With the above setup, once uprobe's refcount drops to zero, we need to
make sure that uprobe's "destructor" removes uprobe from uprobes_tree,
of course. This, though, races with uprobe entry handling code in
handle_swbp(), which, though find_active_uprobe()->find_uprobe() lookup
can race with uprobe being destroyed after refcount drops to zero (e.g.,
due to uprobe_consumer unregistering). This is because
find_active_uprobe() bumps refcount without knowing for sure that
uprobe's refcount is already positive (and it has to be this way, there
is no way around that setup).

One, attempted initially, way to solve this is through using
atomic_inc_not_zero() approach, turning get_uprobe() into
try_get_uprobe(), which can fail to bump refcount if uprobe is already
destined to be destroyed. This, unfortunately, turns out to be a rather
expensive due to underlying cmpxchg() operation in
atomic_inc_not_zero() and scales rather poorly with increased amount of
parallel threads triggering uprobes.

So, we devise a refcounting scheme that doesn't require cmpxchg(),
instead relying only on atomic additions, which scale better and are
faster. While the solution has a bit of a trick to it, all the logic is
nicely compartmentalized in __get_uprobe() and put_uprobe() helpers and
doesn't leak outside of those low-level helpers.
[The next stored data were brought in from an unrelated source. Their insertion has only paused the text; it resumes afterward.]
lemma emb_eq_zero_iff: "emb r = zero3 \<longleftrightarrow> r = (0, 0, 0)"
  by (cases r rule: prod_cases3) (simp add: zero3_def ezero_def)

lemma scale3_eq_zero_iff: "scale3 l r = (0, 0, 0) \<longleftrightarrow> l = (0::'a::field) \<or> r = (0, 0, 0)"
  by (cases r rule: prod_cases3) auto

lemma inj_on_scale3: "r \<noteq> (0, 0, 0) \<Longrightarrow> inj_on (\<lambda>l. scale3 l r) {l :: 'a::field. l \<noteq> 0}"
  by (cases r rule: prod_cases3) (auto simp: inj_on_def)

lemma card_nonzero: "card {l :: 'a::{finite,zero}. l \<noteq> 0} = card (UNIV :: 'a set) - 1"
proof -
  have "{l :: 'a. l \<noteq> 0} = UNIV - {0}" by auto
  then show ?thesis by (simp add: card_Diff_singleton)
qed

context quadratic_ext
begin

lemma proj_pt2_emb_eq_iff:
  assumes r: "r \<noteq> (0, 0, 0)" and r': "r' \<noteq> (0, 0, 0)"
  shows "proj_pt2 w (emb r') = proj_pt2 w (emb r) \<longleftrightarrow> (\<exists>l. l \<noteq> 0 \<and> r' = scale3 l r)"
proof
  assume "proj_pt2 w (emb r') = proj_pt2 w (emb r)"
  then have "emb r' \<in> proj_pt2 w (emb r)" using proj_pt2_self by metis
  then obtain l where l: "l \<noteq> ezero" "emb r' = smul3 w l (emb r)" by (rule proj_pt2E)
  obtain x y z where rr: "r = (x, y, z)" by (cases r rule: prod_cases3)
  obtain x' y' z' where rr': "r' = (x', y', z')" by (cases r' rule: prod_cases3)
  obtain l1 l2 where ll: "l = (l1, l2)" by (cases l)
  have e: "x' = l1 * x" "y' = l1 * y" "z' = l1 * z" "l2 * x = 0" "l2 * y = 0" "l2 * z = 0"
    using l(2) rr rr' ll by (simp_all add: emul_def)
  have "l2 = 0" using e r rr by auto
  then have "l1 \<noteq> 0" using l(1) ll by simp
  then show "\<exists>l. l \<noteq> 0 \<and> r' = scale3 l r" using e rr rr' by auto
next
  assume "\<exists>l. l \<noteq> 0 \<and> r' = scale3 l r"
  then obtain l where l: "l \<noteq> 0" "r' = scale3 l r" by blast
  then have "emb r' \<in> proj_pt2 w (emb r)"
    using smul3_mem_proj_pt2[of "(l, 0)" "emb r"] by (simp add: emb_scale3[of l r w])
  then show "proj_pt2 w (emb r') = proj_pt2 w (emb r)" by (rule proj_pt2_eq)
qed

end

context conic
begin

lemma card_external_points_mult:
  "card {P \<in> PG2 w. in_PG2_q P \<and> card {L \<in> tangent_lines w a b c (1, 0) e. P \<in> L} = 2}
     * (card (UNIV :: 'a set) - 1)
   = card {r. r \<noteq> (0, 0, 0) \<and> nsqrt (Q (emb r)) = 2}"
proof -
  let ?R = "{r. r \<noteq> (0, 0, 0) \<and> nsqrt (Q (emb r)) = 2}"
  let ?f = "\<lambda>r. proj_pt2 w (emb r)"
  have "{P \<in> PG2 w. in_PG2_q P \<and> card {L \<in> tangent_lines w a b c (1, 0) e. P \<in> L} = 2} = ?f ` ?R"
  proof (intro equalityI subsetI)
    fix P assume "P \<in> {P \<in> PG2 w. in_PG2_q P \<and> card {L \<in> tangent_lines w a b c (1, 0) e. P \<in> L} = 2}"
    then have P: "P \<in> PG2 w" "in_PG2_q P" "card {L \<in> tangent_lines w a b c (1, 0) e. P \<in> L} = 2"
      by blast+
    obtain v where v: "v \<noteq> zero3" "P = proj_pt2 w v" using P(1) unfolding PG2_def by blast
    obtain x where x: "x \<in> P" "snd (fst x) = 0" "snd (fst (snd x)) = 0" "snd (snd (snd x)) = 0"
      using P(2) unfolding in_PG2_q_def by blast
    define r where "r = (fst (fst x), fst (fst (snd x)), fst (snd (snd x)))"
    have xr: "x = emb r" using x unfolding r_def by (cases x rule: prod_cases3) (simp add: prod_eq_iff)
    have x0: "x \<noteq> zero3" using x(1) v by (auto simp: mem_proj_pt2_iff)
    have Px: "P = proj_pt2 w x" using x(1) v proj_pt2_eq by metis
    have "nsqrt (Q x) = 2" using P(3) Px card_tangents_through[OF x0] by simp
    moreover have "r \<noteq> (0, 0, 0)" using x0 xr emb_eq_zero_iff by metis
    ultimately show "P \<in> ?f ` ?R" using Px xr by blast
  next
    fix P assume "P \<in> ?f ` ?R"
    then obtain r where r: "r \<noteq> (0, 0, 0)" "nsqrt (Q (emb r)) = 2" "P = ?f r" by blast
    have r0: "emb r \<noteq> zero3" using r emb_eq_zero_iff by metis
    have "P \<in> PG2 w" using r proj_pt2_in_PG2[OF r0] by simp
    moreover have "in_PG2_q P"
      unfolding in_PG2_q_def r(3)
      by (rule bexI[OF _ proj_pt2_self]) (cases r rule: prod_cases3, simp)
    moreover have "card {L \<in> tangent_lines w a b c (1, 0) e. P \<in> L} = 2"
      using card_tangents_through[OF r0] r by simp
    ultimately show "P \<in> {P \<in> PG2 w. in_PG2_q P \<and> card {L \<in> tangent_lines w a b c (1, 0) e. P \<in> L} = 2}"
      by blast
  qed
  moreover have "card (?f ` ?R) * (card (UNIV :: 'a set) - 1) = card ?R"
  proof (rule card_image_mult_fibre_card)
    fix r assume r: "r \<in> ?R"
    have "{r' \<in> ?R. ?f r' = ?f r} = (\<lambda>l. scale3 l r) ` {l. l \<noteq> 0}"
    proof (intro equalityI subsetI)
      fix r' assume "r' \<in> {r' \<in> ?R. ?f r' = ?f r}"
      then show "r' \<in> (\<lambda>l. scale3 l r) ` {l. l \<noteq> 0}" using proj_pt2_emb_eq_iff r by blast
    next
      fix r' assume "r' \<in> (\<lambda>l. scale3 l r) ` {l. l \<noteq> 0}"
      then obtain l where l: "l \<noteq> 0" "r' = scale3 l r" by blast
      then have r'0: "r' \<noteq> (0, 0, 0)" using r by (simp add: scale3_eq_zero_iff)
      have "Q (emb r') = ((l, 0) \<otimes> (l, 0)) \<otimes> Q (emb r)"
        using l by (simp add: emb_scale3[of l r w] conic_form_smul3)
      then have "nsqrt (Q (emb r')) = 2" using nsqrt_scale[of "(l, 0)"] l r by simp
      moreover have "?f r' = ?f r" using proj_pt2_emb_eq_iff r r'0 l by blast
      ultimately show "r' \<in> {r' \<in> ?R. ?f r' = ?f r}" using r'0 by blast
    qed
    moreover have "card ((\<lambda>l. scale3 l r) ` {l. l \<noteq> 0}) = card {l :: 'a. l \<noteq> 0}"
      using r by (intro card_image inj_on_scale3) simp
    ultimately show "card {r' \<in> ?R. ?f r' = ?f r} = card (UNIV :: 'a set) - 1"
      by (simp add: card_nonzero)
  qed simp
  ultimately show ?thesis by simp
qed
We, effectively, structure uprobe's destruction (i.e., put_uprobe() logic)
in such a way that we support "resurrecting" uprobe by bumping its
refcount from zero back to one, and pretending like it never dropped to
zero in the first place. This is done in a race-free way under
exclusive writer uprobes_treelock. Crucially, we take lock only once
refcount drops to zero. If we had to take lock before decrementing
refcount, the approach would be prohibitively expensive.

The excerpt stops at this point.